Let us prove that for an affine variety $X$ every line bundle $E$ is "positive" according to the chosen defintion. All we need to prove is that for any hermitian metric $g$ on $E$ with curvature $w$ there is a Kahler form $w_1$ on $X$ such that $w_1>-w$. Since $X$ is affine, for any $w_1$ we have $w_1=\frac{i}{2\pi}\partial\bar\partial (f_1)$ and changing the metric $g$ on $E$ by $ge^{f_1}$ we corresponing curvature will change from $w$ to $w+w_1$, which we assume to be positive.

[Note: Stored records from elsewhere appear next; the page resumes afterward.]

(* $\mathsf{Gap_{tot}P}=\mathsf{GapP}$.
   Context: An NPTM is a non-deterministic polynomial-time Turing machine. For an NPTM $M$ and input $x$, $acc_M(x)$ and $rej_M(x)$ denote the numbers of accepting and rejecting computation paths of $M$ on $x$, and $tot_M(x)$ denotes the number of all computation paths of $M$ on $x$ minus $1$. $\mathsf{TotP}=\{tot_M\mid M \text{ an NPTM}\}$, $\mathsf{GapP}=\{acc_M-rej_M\mid M\text{ an NPTM}\}$ (functions $\Sigma^*\to\mathbb{Z}$). $\mathsf{Gap_{tot}P}$ is the class of functions $f$ that are the difference $f=g-h$ of two functions $g,h\in\mathsf{TotP}$. *)

theory Defs
  imports Main
begin

text \<open>Tape symbols are naturals; 0 is the blank,
  1 encodes input bit False, 2 encodes input bit True.
  A transition (q, a, q', b, m) means: in state q reading a, go to state q',
  write b, move head by m.\<close>

datatype move = MLeft | MStay | MRight

type_synonym trans = "nat \<times> nat \<times> nat \<times> nat \<times> move"

record nptm =
  delta :: "trans set"
  start_st :: nat
  accept_st :: nat
  reject_st :: nat

type_synonym config = "nat \<times> (int \<Rightarrow> nat) \<times> int"

fun move_off :: "move \<Rightarrow> int" where
  "move_off MLeft = -1" | "move_off MStay = 0" | "move_off MRight = 1"

definition init_config :: "nptm \<Rightarrow> bool list \<Rightarrow> config" where
  "init_config M x = (start_st M,
     (\<lambda>i. if 0 \<le> i \<and> nat i < length x then (if x ! nat i then 2 else 1) else 0), 0)"

definition applicable :: "nptm \<Rightarrow> trans \<Rightarrow> config \<Rightarrow> bool" where
  "applicable M t c = (case t of (q, a, q', b, m) \<Rightarrow> case c of (p, tp, h) \<Rightarrow>
      t \<in> delta M \<and> p = q \<and> tp h = a \<and> p \<noteq> accept_st M \<and> p \<noteq> reject_st M)"

definition apply_trans :: "trans \<Rightarrow> config \<Rightarrow> config" where
  "apply_trans t c = (case t of (q, a, q', b, m) \<Rightarrow> case c of (p, tp, h) \<Rightarrow>
      (q', tp(h := b), h + move_off m))"

fun valid_seq :: "nptm \<Rightarrow> config \<Rightarrow> trans list \<Rightarrow> bool" where
  "valid_seq M c [] = True"
| "valid_seq M c (t # ts) = (applicable M t c \<and> valid_seq M (apply_trans t c) ts)"
(* Let $n\ge 3$, let $C=\bigcap_{i=1}^{m}\{x\in\mathbb{R}^n:\langle x,v_i\rangle\ge 0\}$ be a strictly convex good cone with $C\setminus\{0\}\subset\{x_n>0\}$ satisfying the smoothness criterion, and let $M=P^{\lambda}=(T^n\times P)/\Delta$ (the good contact toric manifold associated with $C$) and $N=P^{\tilde\lambda}=(T^{n-1}\times P)/\widetilde{\Delta}$ (the symplectic toric manifold associated with $P$). Then $M$ is a principal $S^1$-bundle over $N$, with projection \[d:M\to N,\qquad [t,p]\mapsto[\tilde t,p],\] where for $t=(e^{i\theta_1},\dots,e^{i\theta_n})\in T^n$, $\tilde t=(e^{i\theta_1},\dots,e^{i\theta_{n-1}})\in T^{n-1}$ is $t$ with the last coordinate dropped.
   Context: A good cone in $\mathbb{R}^n$ is a rational polyhedral cone $C=\bigcap_{i=1}^m\{x:\langle x,v_i\rangle\ge 0\}$ (inequalities minimal), with facets $F_i$ and primitive inward normals $v_i=(v_{i1},\dots,v_{in})\in\mathbb{Z}^n$, such that for $0<l<n$ every codimension-$l$ face is the intersection of exactly $l$ facets and the corresponding normals generate a rank-$l$ direct summand of $\mathbb{Z}^n$; strictly convex means $C$ contains no line. $P=C\cap\{x_n=1\}$, identified with $\{y\in\mathbb{R}^{n-1}:\langle y,\tilde v_i\rangle\ge -v_{in}\}$ where $\tilde v_i=(v_{i1},\dots,v_{i,n-1})$; its facets are $\widetilde{F}_i=F_i\cap P$. Smoothness criterion: $P$ is a Delzant polytope in $\mathbb{R}^{n-1}$ and each $\tilde v_i$ is primitive in $\mathbb{Z}^{n-1}$. $\Delta$ is the equivalence relation on $T^n\times P$: $(g,p)\Delta(h,q)$ iff $p=q$ and $g^{-1}h$ lies in the closed subgroup of $T^n=\mathbb{R}^n/\mathbb{Z}^n$ generated by the images of the lines $\mathbb{R}v_i$, $p\in\widetilde{F}_i$; $\widetilde{\Delta}$ is the analogous relation on $T^{n-1}\times P$ using the vectors $\tilde v_i$ in $T^{n-1}=\mathbb{R}^{n-1}/\mathbb{Z}^{n-1}$. Here $P^{\lambda}$ is $T^n$-equivariantly homeomorphic to the good contact toric manifold associated with $C$, and $P^{\tilde\lambda}$ to the symplectic toric manifold with Delzant polytope $P$. The $S^1$ acting is the last circle factor $\{(1,\dots,1,e^{i\theta})\}\subset T^n$, acting on the first factor. *)

theory Defs
  imports "HOL-Analysis.Analysis"
begin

So we need to show the existence of arbitrary large $w_1$. Since $X$ is affine and hence admits an embedding in $\mathbb C^n$, it is enough to show this for $\mathbb C^n$. Moreover, since $\mathbb C^n=\mathbb C^1\times ...\times \mathbb C^1$ it is enought to prove the statement for $\mathbb C^1$. Now, on $\mathbb C^1$ every form of the shape $w_1=h_1dz\wedge d\bar z$ is Kahler for $h_1>0$ and we can chose $h_1$ as large as we wish.

The conclusion is that if one choses this definition, then each line bundle on an affine $X$ is positive, which sounds strange. So I am not sure what should be a reasonable definition of positivincess in non-compact case, if it exists at all.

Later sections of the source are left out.